Но всё это были мелочи. И они Ковригина не коробили.
Если и коробили, то чуть-чуть. Как эстета. Или отчасти как непременного столичного сноба.
Но главного они не отменили. И не перечеркнули.
Текст пьесы, за вычетом интермедий-отсебятин, остался его, ковригинский (ну, актёры его кое-где перевирали, это ладно). И суть сочиненного им зрителю была доставлена. Пусть порой в упаковке из фольги с рыжими крапинками.
Пятнадцать лет назад он желал угодить Натали Свиридовой, совершенству, произведению природы и искусства, на какое он позволял себе взглядывать лишь издалека. Но вскоре забыл про угождения. Ради Натали была лишь использована форма драмы. Ковригина тогда вобрала в себя история «гордой полячки» (кстати, папаша её, Юрий Мнишек, был чех, но это не столь важно). Его удивили открывшиеся ему обстоятельства её жизни и несправедливость отношения к ней потомков. Вполне возможно, что он и сам в своем увлечении был несправедлив и напридумывал никогда несуществовашую женщину. Но похоже, он влюбился тогда в сочиненную им Марину и убедил себя в том, что она была такая и никакая другая, интуитивно-учуянный им образ угадан верно. А прав он или не прав в своих оценках, не имеет значения.

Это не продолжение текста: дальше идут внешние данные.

lemma Rrel_fibre:
  "{z \<in> Hdom. [x, y, z] \<in> Rrel} =
     (if x = 0 \<and> y = 0 then {0} else if x = 0 \<and> y = 1 then {1}
      else if x = 1 \<and> y = 0 then {2, 3} else if x = 1 \<and> y = 1 then {4} else {})"
  unfolding Hdom_def Rrel_def by auto

lemma sat_parity_projection:
  "sat Hdom Hrels s (ExPar 2 (Atom 0 [0, 1, 2])) \<longleftrightarrow> [s 0, s 1] \<in> {[0,0], [0,1], [1,1]}"
proof -
  have "sat Hdom Hrels s (ExPar 2 (Atom 0 [0, 1, 2])) \<longleftrightarrow> odd (card {z \<in> Hdom. [s 0, s 1, z] \<in> Rrel})"
    by (simp add: Hrels_def)
  also have "\<dots> \<longleftrightarrow> [s 0, s 1] \<in> {[0,0], [0,1], [1,1]}"
    unfolding Rrel_fibre by auto
  finally show ?thesis .
qed

lemma defrel_parity_projection:
  "defrel Hdom Hrels (ExPar 2 (Atom 0 [0, 1, 2])) [0, 1] = {[0,0], [0,1], [1,1]}"
proof (intro equalityI subsetI)
  fix t assume "t \<in> defrel Hdom Hrels (ExPar 2 (Atom 0 [0, 1, 2])) [0, 1]"
  then show "t \<in> {[0,0], [0,1], [1,1]}"
    unfolding defrel_def sat_parity_projection by auto
next
  fix t :: "nat list" assume t: "t \<in> {[0,0], [0,1], [1,1]}"
  then obtain x y where xy: "t = [x, y]" "x \<in> {0, 1}" "y \<in> {0, 1}" by blast
  define s where "s v = (if v = 0 then x else if v = 1 then y else 0)" for v :: nat
  have "\<forall>v. s v \<in> Hdom" "t = map s [0, 1]" using xy by (auto simp: s_def Hdom_def)
  moreover have "sat Hdom Hrels s (ExPar 2 (Atom 0 [0, 1, 2]))"
    unfolding sat_parity_projection using t xy by (simp add: s_def)
  ultimately show "t \<in> defrel Hdom Hrels (ExPar 2 (Atom 0 [0, 1, 2])) [0, 1]"
    unfolding defrel_def by blast
qed

lemma strongly_2_rectangularD:
  assumes "strongly_2_rectangular D rels" "mod2fm \<phi>" "distinct vs" "fv \<phi> \<subseteq> set vs" "2 \<le> length vs"
  shows "rectangular (length vs) (defrel D rels \<phi> vs)"
  using assms unfolding strongly_2_rectangular_def by blast

lemma rectangular_binaryD:
  assumes "rectangular 2 S" "[a, c] \<in> S" "[a, d] \<in> S" "[b, c] \<in> S"
  shows "[b, d] \<in> S"
proof -
  have mix: "mix {0} 2 u v = [u ! 0, v ! 1]" for u v :: "nat list"
    by (simp add: mix_def numeral_2_eq_2)
  have proper: "{0::nat} \<noteq> {..<2}"
  proof
    assume "{0::nat} = {..<2}"
    then have "(1::nat) \<in> {0}" by simp
    then show False by simp
  qed
  have "mix {0} 2 [b, b] [d, d] \<in> S"
    using assms(1)[unfolded rectangular_def, rule_format, of "{0}" "[a, a]" "[b, b]" "[c, c]" "[d, d]"]
      proper assms(2-4) by (simp add: mix)
  then show ?thesis by (simp add: mix)
qed

lemma not_rectangular_parity_projection: "\<not> rectangular 2 {[0,0], [0,1], [1::nat, 1]}"
  using rectangular_binaryD[of _ 0 1 0 1] by auto

theorem mainTheorem14:
  shows "two_rigid Hdom Hrels
    \<and> (\<exists>f. maltsev_polymorphism Hdom Hrels f)
    \<and> strongly_rectangular Hdom Hrels
    \<and> \<not> strongly_2_rectangular Hdom Hrels
    \<and> defrel Hdom Hrels (ExPar 2 (Atom 0 [0, 1, 2])) [0, 1] = {[0,0],[0,1],[1,1]}
    \<and> \<not> rectangular 2 (defrel Hdom Hrels (ExPar 2 (Atom 0 [0, 1, 2])) [0, 1])"
proof -
  have not_rect: "\<not> rectangular 2 (defrel Hdom Hrels (ExPar 2 (Atom 0 [0, 1, 2])) [0, 1])"
    unfolding defrel_parity_projection by (rule not_rectangular_parity_projection)
  moreover have "\<not> strongly_2_rectangular Hdom Hrels"
    using strongly_2_rectangularD[of Hdom Hrels "ExPar 2 (Atom 0 [0, 1, 2])" "[0, 1]"] not_rect
    by (auto simp: numeral_2_eq_2)
  ultimately show ?thesis
    using two_rigid_H maltsev_polymorphism_H maltsev_strongly_rectangular defrel_parity_projection
    by blast
qed

end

Пьесу он назвал – «Веселие царицы Московской».
После гибели Отрепьева и погрома поляков в Москве, подданных Речи Посполитой, в их числе и королевских послов, прибывших на свадьбу Марины и царя Дмитрия, из Московии не выпустили, они стали ссыльно-пленными. Возникла переписка между Москвой и Краковом об их судьбе, в Москве царствовал хитрован, можно сказать, и мошенник Василий Шуйский, и слово «свадьба» из важных бумаг исчезло, было заменено «веселием». Московская свадьба семнадцатилетней Марины и стала для неё «веселием» на девять дней, а первая брачная ночь – «Радостью». Такие существовали понятия.
А через четыре года в послании к королю Сигизмунду III Мариной были вписаны слова: «Всего лишила меня превратная фортуна…»
Веселие царицы Московской вышло полынным.